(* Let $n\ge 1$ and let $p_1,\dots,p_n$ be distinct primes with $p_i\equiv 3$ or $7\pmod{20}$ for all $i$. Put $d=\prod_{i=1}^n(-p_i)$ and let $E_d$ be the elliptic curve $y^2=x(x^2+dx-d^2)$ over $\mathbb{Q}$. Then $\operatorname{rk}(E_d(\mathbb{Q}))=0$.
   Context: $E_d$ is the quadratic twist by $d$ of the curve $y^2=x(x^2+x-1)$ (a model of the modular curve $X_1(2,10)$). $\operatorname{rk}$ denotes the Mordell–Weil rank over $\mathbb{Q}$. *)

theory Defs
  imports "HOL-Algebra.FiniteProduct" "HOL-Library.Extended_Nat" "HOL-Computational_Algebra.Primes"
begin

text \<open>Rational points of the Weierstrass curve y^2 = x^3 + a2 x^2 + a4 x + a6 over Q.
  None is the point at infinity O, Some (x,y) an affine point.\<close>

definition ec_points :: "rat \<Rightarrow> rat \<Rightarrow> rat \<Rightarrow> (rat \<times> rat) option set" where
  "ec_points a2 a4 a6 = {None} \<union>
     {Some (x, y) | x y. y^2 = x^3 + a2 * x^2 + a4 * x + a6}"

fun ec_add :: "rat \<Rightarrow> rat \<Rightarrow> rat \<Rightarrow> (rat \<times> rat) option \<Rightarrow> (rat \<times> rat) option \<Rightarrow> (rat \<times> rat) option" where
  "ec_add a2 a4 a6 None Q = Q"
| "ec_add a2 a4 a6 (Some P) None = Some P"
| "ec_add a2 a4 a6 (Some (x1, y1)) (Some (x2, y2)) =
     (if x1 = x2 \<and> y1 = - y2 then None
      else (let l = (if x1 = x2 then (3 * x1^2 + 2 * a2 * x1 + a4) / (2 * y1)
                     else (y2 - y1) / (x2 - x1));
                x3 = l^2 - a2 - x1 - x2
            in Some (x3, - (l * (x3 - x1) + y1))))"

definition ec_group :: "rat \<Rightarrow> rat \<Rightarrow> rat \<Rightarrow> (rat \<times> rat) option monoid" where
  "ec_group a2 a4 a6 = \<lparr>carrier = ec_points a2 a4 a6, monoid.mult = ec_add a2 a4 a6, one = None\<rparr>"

________

### [Description of the task]
The records need to be reproduced in their entirety, word for word.

### [Response to the exercise]
(* Let $n\ge 1$ and let $p_1,\dots,p_n$ be distinct primes with $p_i\equiv 3$ or $7\pmod{20}$ for all $i$. Put $d=\prod_{i=1}^n(-p_i)$ and let $E_d$ be the elliptic curve $y^2=x(x^2+dx-d^2)$ over $\mathbb{Q}$. Then $\operatorname{rk}(E_d(\mathbb{Q}))=0$.
   Context: $E_d$ is the quadratic twist by $d$ of the curve $y^2=x(x^2+x-1)$ (a model of the modular curve $X_1(2,10)$). $\operatorname{rk}$ denotes the Mordell–Weil rank over $\mathbb{Q}$. *)

theory Defs
  imports "HOL-Algebra.FiniteProduct" "HOL-Library.Extended_Nat" "HOL-Computational_Algebra.Primes"
begin

text \<open>Rational points of the Weierstrass curve y^2 = x^3 + a2 x^2 + a4 x + a6 over Q.
  None is the point at infinity O, Some (x,y) an affine point.\<close>

definition ec_points :: "rat \<Rightarrow> rat \<Rightarrow> rat \<Rightarrow> (rat \<times> rat) option set" where
  "ec_points a2 a4 a6 = {None} \<union>
     {Some (x, y) | x y. y^2 = x^3 + a2 * x^2 + a4 * x + a6}"

fun ec_add :: "rat \<Rightarrow> rat \<Rightarrow> rat \<Rightarrow> (rat \<times> rat) option \<Rightarrow> (rat \<times> rat) option \<Rightarrow> (rat \<times> rat) option" where
  "ec_add a2 a4 a6 None Q = Q"
| "ec_add a2 a4 a6 (Some P) None = Some P"
| "ec_add a2 a4 a6 (Some (x1, y1)) (Some (x2, y2)) =
     (if x1 = x2 \<and> y1 = - y2 then None
      else (let l = (if x1 = x2 then (3 * x1^2 + 2 * a2 * x1 + a4) / (2 * y1)
                     else (y2 - y1) / (x2 - x1));
                x3 = l^2 - a2 - x1 - x2
            in Some (x3, - (l * (x3 - x1) + y1))))"

definition ec_group :: "rat \<Rightarrow> rat \<Rightarrow> rat \<Rightarrow> (rat \<times> rat) option monoid" where
  "ec_group a2 a4 a6 = \<lparr>carrier = ec_points a2 a4 a6, monoid.mult = ec_add a2 a4 a6, one = None\<rparr>"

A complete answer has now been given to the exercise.